Yesterday, they quarantined an inmate from my unit. They have set aside several cells in the segregation blocks for those who show signs of COVID-19. What happens from there is a mystery. The commissioner did issue a posting advising us that the lockdown will continue and that it will be up to each facilities superintendent to ease restrictions. They also hired professional outside contractors to “clean” all hotspots in the facilities.
This afternoon they passed out disposable masks to every prisoner and told us we “must wear them whenever we leave the cell.” One guy asked, “How do you put this on?” Someone yelled, “You put one leg through the loop and your other leg through the other and wear it like a thong.”
Some of the high-risk prisoners are so concerned about getting COVID-19 that when they come out for recreation they take a shower and go back to their cell. They made homemade masks and won’t go anywhere else or deviate from that routine until it’s safe to do so. They communicate with their family via email on the tablet only. I’ve been asthmatic since childhood yet I don’t have the same fears others do. I wash my hands and refrain from touching surfaces which include my face. There’s not much else I can do other than to wear the mask and hope my legs fit inside those loops.

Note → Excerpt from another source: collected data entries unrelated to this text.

(* Let $L>0$, $N\in\mathbb{N}_+$, $h=L/N$, $\epsilon>0$, $\theta_0>0$, $\tau>0$, $\alpha\in(0,1)$, $\rho_u>0$, $\rho_w>0$, and let $u^n\in\mathcal{C}_{per}$ with $-1<u^n<1$ pointwise. Let $\{(u_1^{(k)},w_1^{(k)},u_2^{(k)},w_2^{(k)},u_3^{(k)},w_3^{(k)})\}_{k\ge0}$ be the sequence generated by Algorithm 1 (described in the context), and let $(u_1^*,w_1^*,u_2^*,w_2^*,u_3^*,w_3^* )$ be the stationary point of the Lagrange function $\mathcal{L}$ (described in the context). Then, as $k\to\infty$, $$\|u_i^{(k)}-u_i^*\|_2\to0\quad\text{and}\quad\|w_i^{(k)}-w_i^*\|_2\to0\qquad(i=1,2,3).$$
   Context: $\mathcal{C}_{per}$ is the space of real grid functions $\nu=(\nu_{i,j,k})_{i,j,k\in\mathbb{Z}}$ that are $N$-periodic in each index (values at cell centres of a uniform grid of mesh size $h$ on $(0,L)^3$). Inner product $\langle\nu,\xi\rangle=h^2\sum_{i,j,k=1}^N\nu_{i,j,k}\xi_{i,j,k}$, $\|\nu\|_2=\langle\nu,\nu\rangle^{1/2}$. Discrete Laplacian $(\Delta_h\nu)_{i,j,k}=h^{-2}(\nu_{i+1,j,k}+\nu_{i-1,j,k}+\nu_{i,j+1,k}+\nu_{i,j-1,k}+\nu_{i,j,k+1}+\nu_{i,j,k-1}-6\nu_{i,j,k})$; $\|\nabla_h\nu\|_2^2=\sum_{i,j,k=1}^N\big[(\nu_{i+1,j,k}-\nu_{i,j,k})^2+(\nu_{i,j+1,k}-\nu_{i,j,k})^2+(\nu_{i,j,k+1}-\nu_{i,j,k})^2\big]$. Operations and inequalities are pointwise; $1$ is the constant grid function. Lagrange function: $\mathcal{L}(u_1,w_1,u_2,w_2,u_3,w_3)=Z_1(u_1,w_1)+Z_2(u_2,w_2)+\langle u_3,u_1-u_2\rangle-\langle w_3,w_1-w_2\rangle$, with $Z_1(u,w)=\frac{\epsilon^2}{2}\|\nabla_hu\|_2^2-\alpha\langle u-u^n,w\rangle-\frac{\tau}{2}\|\nabla_hw\|_2^2$ and $Z_2(u,w)=\langle1+u,\log(1+u)\rangle+\langle1-u,\log(1-u)\rangle-\theta_0\langle u^n,u\rangle-(1-\alpha)\langle u-u^n,w\rangle$ (for $-1<u<1$). A stationary point is a tuple in $\mathcal{C}_{per}^6$ with $-1<u_2^*<1$ satisfying $-\epsilon^2\Delta_hu_1^*-\alpha w_1^*+u_3^*=0$, $\alpha(-u_1^*+u^n)+\tau\Delta_hw_1^*-w_3^*=0$, $\log(1+u_2^* )-\log(1-u_2^* )-\theta_0u^n-(1-\alpha)w_2^*-u_3^*=0$, $(1-\alpha)(-u_2^*+u^n)+w_3^*=0$, $u_1^*=u_2^*$, $w_1^*=w_2^*$. Algorithm 1: set $u_2^{(0)}=u^n$, $w_2^{(0)}=0$, $u_3^{(0)}=0$, $w_3^{(0)}=0$. For $k=0,1,2,\dots$: (i) find $u_1^{(k+1)},w_1^{(k+1)}\in\mathcal{C}_{per}$ solving $-\epsilon^2\Delta_hu_1^{(k+1)}-\alpha w_1^{(k+1)}+u_3^{(k)}+\rho_u(u_1^{(k+1)}-u_2^{(k)})=0$ and $\alpha(-u_1^{(k+1)}+u^n)+\tau\Delta_hw_1^{(k+1)}-w_3^{(k)}-\rho_w(w_1^{(k+1)}-w_2^{(k)})=0$; (ii) find $u_2^{(k+1)},w_2^{(k+1)}\in\mathcal{C}_{per}$ with $-1<u_2^{(k+1)}<1$ solving $\log(1+u_2^{(k+1)})-\log(1-u_2^{(k+1)})-\theta_0u^n-(1-\alpha)w_2^{(k+1)}-u_3^{(k)}-\rho_u(u_1^{(k+1)}-u_2^{(k+1)})=0$ and $(1-\alpha)(-u_2^{(k+1)}+u^n)+w_3^{(k)}+\rho_w(w_1^{(k+1)}-w_2^{(k+1)})=0$; (iii) set $u_3^{(k+1)}=u_3^{(k)}+\rho_u(u_1^{(k+1)}-u_2^{(k+1)})$, $w_3^{(k+1)}=w_3^{(k)}+\rho_w(w_1^{(k+1)}-w_2^{(k+1)})$. *)

theory Defs
  imports Complex_Main
begin
definition vertex :: "'a list \<Rightarrow> 'a tpt" where
  "vertex v = (if v = [] then ([], 0) else (v, 1))"

definition edge_map :: "'a list \<Rightarrow> real \<Rightarrow> 'a tpt" where
  "edge_map w s = (if s = 0 then vertex (butlast w) else (w, s))"

definition T_top :: "'a tpt topology" where
  "T_top = topology (\<lambda>U. U \<subseteq> Tpts \<and>
      (\<forall>w. w \<noteq> [] \<longrightarrow> openin (top_of_set {0..1}) {s \<in> {0..1}. edge_map w s \<in> U}))"

definition wire_generators :: "(nat \<times> (nat \<Rightarrow> real) set \<times> ((nat \<Rightarrow> real) \<Rightarrow> 'a tpt)) set" where
  "wire_generators = {(1, Rn 1, \<lambda>x. \<gamma> (x 0)) | \<gamma>. embedding_map euclideanreal T_top \<gamma>}"

definition D_T :: "(nat \<times> (nat \<Rightarrow> real) set \<times> ((nat \<Rightarrow> real) \<Rightarrow> 'a tpt)) set" where
  "D_T = generated_diffeology Tpts wire_generators"

definition adj :: "'a list \<Rightarrow> 'a list \<Rightarrow> bool" where
  "adj u v \<longleftrightarrow> (\<exists>a. v = u @ [a]) \<or> (\<exists>a. u = v @ [a])"

definition AutT :: "('a list \<Rightarrow> 'a list) set" where
  "AutT = {\<sigma>. bij \<sigma> \<and> \<sigma> [] = [] \<and> (\<forall>u v. adj u v \<longleftrightarrow> adj (\<sigma> u) (\<sigma> v))}"

definition act :: "('a list \<Rightarrow> 'a list) \<Rightarrow> 'a tpt \<Rightarrow> 'a tpt" where
  "act \<sigma> p = (\<sigma> (fst p), snd p)"

definition Stab :: "nat \<Rightarrow> ('a list \<Rightarrow> 'a list) set" where
  "Stab n = {\<sigma> \<in> AutT. \<forall>v. length v = n \<longrightarrow> \<sigma> v = v}"

definition congruence_top :: "('a list \<Rightarrow> 'a list) topology" where
  "congruence_top = topology (\<lambda>U. U \<subseteq> AutT \<and>
      (\<forall>\<sigma>\<in>U. \<exists>n. (\<lambda>\<tau>. \<sigma> \<circ> \<tau>) ` Stab n \<subseteq> U))"

text \<open>plots R -> Aut T of the functional diffeology: (u,x) |-> P(u)(x) is smooth R x T -> T,
  i.e. maps every plot of the product diffeology (a smooth f : U -> R paired with a plot
  Q of D_T) to a plot of D_T.\<close>
definition aut_plot :: "(real \<Rightarrow> ('a list \<Rightarrow> 'a list)) \<Rightarrow> bool" where
  "aut_plot P \<longleftrightarrow> (\<forall>u. P u \<in> AutT) \<and>
     (\<forall>n U f Q. open_Rn n U \<and> smooth_fun n U f \<and> (n, U, Q) \<in> D_T \<longrightarrow>
        (n, U, \<lambda>x. act (P (f x)) (Q x)) \<in> D_T)"

end

theory Submission
  imports Defs
begin

text \<open>Every plot P of Aut T is constant, so both sequences are constant. Indeed, the plots
  of T that are continuous for the CW topology already form a diffeology containing the embedded
  wires, so every plot of \<open>\<D>\<^sub>T\<close> is continuous. Hence for each vertex v the path
  \<open>u \<mapsto> P(u)(v)\<close> is a continuous path in T through vertices only. Distinct vertices have
  disjoint open stars, so this path is locally constant, and therefore constant on the connected
  line.\<close>

lemma openin_T_top:
  "openin T_top U \<longleftrightarrow> U \<subseteq> Tpts \<and>
      (\<forall>w. w \<noteq> [] \<longrightarrow> openin (top_of_set {0..1}) {s \<in> {0..1}. edge_map w s \<in> U})"
proof -
  have top: "istopology (\<lambda>U::'a tpt set. U \<subseteq> Tpts \<and>
      (\<forall>w. w \<noteq> [] \<longrightarrow> openin (top_of_set {0..1}) {s \<in> {0..1}. edge_map w s \<in> U}))"
    unfolding istopology_def
  proof (rule conjI; intro allI impI)
    fix S T :: "'a tpt set"
    assume "S \<subseteq> Tpts \<and> (\<forall>w. w \<noteq> [] \<longrightarrow> openin (top_of_set {0..1}) {s \<in> {0..1}. edge_map w s \<in> S})"
      and "T \<subseteq> Tpts \<and> (\<forall>w. w \<noteq> [] \<longrightarrow> openin (top_of_set {0..1}) {s \<in> {0..1}. edge_map w s \<in> T})"
    moreover have "{s \<in> {0..1}. edge_map w s \<in> S \<inter> T}
        = {s \<in> {0..1}. edge_map w s \<in> S} \<inter> {s \<in> {0..1}. edge_map w s \<in> T}" for w
      by blast
    ultimately show "S \<inter> T \<subseteq> Tpts \<and>
        (\<forall>w. w \<noteq> [] \<longrightarrow> openin (top_of_set {0..1}) {s \<in> {0..1}. edge_map w s \<in> S \<inter> T})"
      by auto
  next
    fix K :: "'a tpt set set"
    assume K: "\<forall>S\<in>K. S \<subseteq> Tpts \<and>
        (\<forall>w. w \<noteq> [] \<longrightarrow> openin (top_of_set {0..1}) {s \<in> {0..1}. edge_map w s \<in> S})"
    have "{s \<in> {0..1}. edge_map w s \<in> \<Union>K} = (\<Union>S\<in>K. {s \<in> {0..1}. edge_map w s \<in> S})" for w
      by blast
    then show "\<Union>K \<subseteq> Tpts \<and>
        (\<forall>w. w \<noteq> [] \<longrightarrow> openin (top_of_set {0..1}) {s \<in> {0..1}. edge_map w s \<in> \<Union>K})"
      using K by auto
  qed
  show ?thesis
    unfolding T_top_def by (subst topology_inverse'[OF top]) (rule refl)
qed

lemma topspace_T_top: "topspace T_top = Tpts"
proof -
  have "{s \<in> {0..1}. edge_map w s \<in> Tpts} = {0..1::real}" if "w \<noteq> []" for w :: "'a list"
    using that by (auto simp: edge_map_def vertex_def Tpts_def)
  then have "openin T_top (Tpts :: 'a tpt set)"
    unfolding openin_T_top by simp
  then show ?thesis
    by (metis openin_T_top openin_subset openin_topspace subset_antisym)
qed

definition vertex_star :: "'a list \<Rightarrow> 'a tpt set" where
  "vertex_star w = {p. (fst p = w \<and> 1/2 < snd p \<and> snd p \<le> 1) \<or>
                       (\<exists>a. fst p = w @ [a] \<and> 0 < snd p \<and> snd p < 1/2)}"

lemma edge_map_in_vertex_star_iff:
  assumes "w \<noteq> []" "w' \<noteq> []" "s \<in> {0..1}"
  shows "edge_map w' s \<in> vertex_star w \<longleftrightarrow> (w' = w \<and> 1/2 < s) \<or> (butlast w' = w \<and> s < 1/2)"
proof (cases "s = 0")
  case True
  then show ?thesis
    using assms by (auto simp: edge_map_def vertex_def vertex_star_def)
next
  case False
  have "(\<exists>a. w' = w @ [a]) \<longleftrightarrow> butlast w' = w"
    using assms(2) by (metis append_butlast_last_id butlast_snoc)
  then show ?thesis
    using False assms(3) by (auto simp: edge_map_def vertex_star_def)
qed

lemma openin_vertex_star:
  assumes "w \<noteq> []"
  shows "openin T_top (vertex_star w)"
  unfolding openin_T_top
proof (intro conjI allI impI)
  show "vertex_star w \<subseteq> Tpts"
    using assms by (auto simp: vertex_star_def Tpts_def)
  fix w' :: "'a list"
  assume "w' \<noteq> []"
  define S :: "real set" where "S = (if w' = w then {1/2<..} else {}) \<union> (if butlast w' = w then {..<1/2} else {})"
  have "{s \<in> {0..1}. edge_map w' s \<in> vertex_star w} = {0..1} \<inter> S"
    using edge_map_in_vertex_star_iff[OF assms \<open>w' \<noteq> []\<close>] by (auto simp: S_def)
  moreover have "open S"
    by (simp add: S_def open_Un)
  ultimately show "openin (top_of_set {0..1}) {s \<in> {0..1}. edge_map w' s \<in> vertex_star w}"
    by (simp add: openin_open_Int)
qed

lemma act_vertex_in_vertex_star_iff:
  "v \<noteq> [] \<Longrightarrow> act \<sigma> (vertex v) \<in> vertex_star w \<longleftrightarrow> \<sigma> v = w"
  by (simp add: act_def vertex_def vertex_star_def)

lemma locally_continuous_imp_continuous_map:
  assumes "f ` topspace X \<subseteq> topspace Y"
    and "\<And>x. x \<in> topspace X \<Longrightarrow> \<exists>V. openin X V \<and> x \<in> V \<and> continuous_map (subtopology X V) Y f"
  shows "continuous_map X Y f"
  unfolding continuous_map_def
proof (intro conjI allI impI)
  show "f \<in> topspace X \<rightarrow> topspace Y"
    using assms(1) by blast
  fix U
  assume "openin Y U"
  show "openin X {x \<in> topspace X. f x \<in> U}"
  proof (subst openin_subopen, intro ballI)
    fix x
    assume x: "x \<in> {x \<in> topspace X. f x \<in> U}"
    then obtain V where V: "openin X V" "x \<in> V" "continuous_map (subtopology X V) Y f"
      using assms(2) by blast
    have "openin (subtopology X V) {y \<in> topspace (subtopology X V). f y \<in> U}"
      using V(3) \<open>openin Y U\<close> by (rule openin_continuous_map_preimage)
    then have "openin X {y \<in> V. f y \<in> U}"
      using V(1) openin_subset[OF V(1)] by (auto simp: Int_absorb1 dest: openin_trans_full)
    then show "\<exists>T. openin X T \<and> x \<in> T \<and> T \<subseteq> {x \<in> topspace X. f x \<in> U}"
      using x V(2) openin_subset[OF V(1)] by blast
  qed
qed

lemma continuous_on_smooth_map:
  assumes "smooth_map m V n F"
  shows "continuous_on V F"
proof (rule continuous_on_coordinatewise_then_product)
  fix i
  show "continuous_on V (\<lambda>x. F x i)"
  proof (cases "i < n")
    case True
    then have "smooth_fun m V (\<lambda>x. F x i)"
      using assms by (simp add: smooth_map_def)
    then show ?thesis
      by (cases rule: smooth_fun.cases) auto
  next
    case False
    then have "\<forall>x\<in>V. F x i = 0"
      using assms by (auto simp: smooth_map_def Rn_def)
    then show ?thesis
      by (metis continuous_on_const continuous_on_cong)
  qed
qed

definition continuous_plots :: "(nat \<times> (nat \<Rightarrow> real) set \<times> ((nat \<Rightarrow> real) \<Rightarrow> 'a tpt)) set" where
  "continuous_plots = {(n, U, Q). open_Rn n U \<and> continuous_map (top_of_set U) T_top Q}"

lemma is_diffeology_continuous_plots: "is_diffeology Tpts continuous_plots"
  unfolding is_diffeology_def
proof (intro conjI; intro allI impI)
  fix n U and Q :: "(nat \<Rightarrow> real) \<Rightarrow> 'a tpt"
  assume "(n, U, Q) \<in> continuous_plots"
  then show "open_Rn n U \<and> Q ` U \<subseteq> Tpts"
    by (auto simp: continuous_plots_def continuous_map_def topspace_T_top)
next
  fix n U c and Q :: "(nat \<Rightarrow> real) \<Rightarrow> 'a tpt"
  assume "open_Rn n U \<and> c \<in> Tpts \<and> (\<forall>x\<in>U. Q x = c)"
  then show "(n, U, Q) \<in> continuous_plots"
    by (auto simp: continuous_plots_def topspace_T_top intro: continuous_map_eq[OF continuous_map_const[THEN iffD2]])
next
  fix n U m V F and P Q :: "(nat \<Rightarrow> real) \<Rightarrow> 'a tpt"
  assume a: "(n, U, P) \<in> continuous_plots \<and> open_Rn m V \<and> smooth_map m V n F \<and> F ` V \<subseteq> U
    \<and> (\<forall>x\<in>V. Q x = P (F x))"
  have "continuous_map (top_of_set V) (top_of_set U) F"
    using a continuous_on_smooth_map[of m V n F] by auto
  moreover have "continuous_map (top_of_set U) T_top P"
    using a by (simp add: continuous_plots_def)
  ultimately have "continuous_map (top_of_set V) T_top (P \<circ> F)"
    by (rule continuous_map_compose)
  then have "continuous_map (top_of_set V) T_top Q"
    by (rule continuous_map_eq) (use a in simp)
  then show "(m, V, Q) \<in> continuous_plots"
    using a by (simp add: continuous_plots_def)
next
  fix n U and Q :: "(nat \<Rightarrow> real) \<Rightarrow> 'a tpt"
  assume a: "open_Rn n U \<and> Q ` U \<subseteq> Tpts \<and>
    (\<forall>x\<in>U. \<exists>V. open_Rn n V \<and> x \<in> V \<and> V \<subseteq> U \<and> (n, V, Q) \<in> continuous_plots)"
  have "continuous_map (top_of_set U) T_top Q"
  proof (rule locally_continuous_imp_continuous_map)
    show "Q ` topspace (top_of_set U) \<subseteq> topspace T_top"
      using a by (simp add: topspace_T_top)
    fix x
    assume "x \<in> topspace (top_of_set U)"
    then obtain V where V: "open_Rn n V" "x \<in> V" "V \<subseteq> U" "(n, V, Q) \<in> continuous_plots"
      using a by auto
    have "openin (top_of_set U) V"
      using V(1,3) a by (meson open_Rn_def openin_imp_subset openin_subset_trans)
    moreover have "continuous_map (subtopology (top_of_set U) V) T_top Q"
      using V(3,4) by (simp add: continuous_plots_def subtopology_subtopology Int_absorb1)
    ultimately show "\<exists>V. openin (top_of_set U) V \<and> x \<in> V \<and> continuous_map (subtopology (top_of_set U) V) T_top Q"
      using V(2) by blast
  qed
  then show "(n, U, Q) \<in> continuous_plots"
    using a by (simp add: continuous_plots_def)
qed

lemma wire_generators_subset_continuous_plots: "wire_generators \<subseteq> continuous_plots"
proof
  fix g :: "nat \<times> (nat \<Rightarrow> real) set \<times> ((nat \<Rightarrow> real) \<Rightarrow> 'a tpt)"
  assume "g \<in> wire_generators"
  then obtain \<gamma> :: "real \<Rightarrow> 'a tpt" where g: "g = (1, Rn 1, \<lambda>x. \<gamma> (x 0))"
    and emb: "embedding_map euclideanreal T_top \<gamma>"
    unfolding wire_generators_def by blast
  from emb have "continuous_map euclideanreal T_top \<gamma>"
    unfolding embedding_map_def
    by (rule continuous_map_into_fulltopology[OF homeomorphic_imp_continuous_map])
  moreover have "continuous_map (top_of_set (Rn 1)) euclideanreal (\<lambda>x::nat \<Rightarrow> real. x 0)"
    using continuous_on_subset[OF continuous_on_product_coordinates] by simp
  ultimately have "continuous_map (top_of_set (Rn 1)) T_top (\<gamma> \<circ> (\<lambda>x. x 0))"
    using continuous_map_compose by blast
  then show "g \<in> continuous_plots"
    by (simp add: g continuous_plots_def open_Rn_def o_def)
qed

lemma continuous_map_D_T:
  assumes "(n, U, Q) \<in> D_T"
  shows "continuous_map (top_of_set U) T_top Q"
proof -
  have "D_T \<subseteq> continuous_plots"
    unfolding D_T_def generated_diffeology_def
    by (rule Inter_lower) (simp add: is_diffeology_continuous_plots wire_generators_subset_continuous_plots)
  then show ?thesis
    using assms by (auto simp: continuous_plots_def)
qed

I can’t overstate how ridiculous some of this prison’s decisions have been during this crisis. Just before the lockdown they started with enforcing a rule that only 10 inmates were allowed in the library at one time, but they would call 180 inmates to the chow hall to eat meals together. Then came the absurd rule of having cellmates observe social distancing by sleeping with their heads at opposite ends of the bunk. When they initiated the lockdown, they cut off access to the kiosk during tier time because it’s a highly touched area, yet we can touch the phones, books, and showers all we want. Now comes letting extra inmates out of the cell without any increase in time. The longer these absurd rules continue I will have a bald spot on my head from scratching it so much.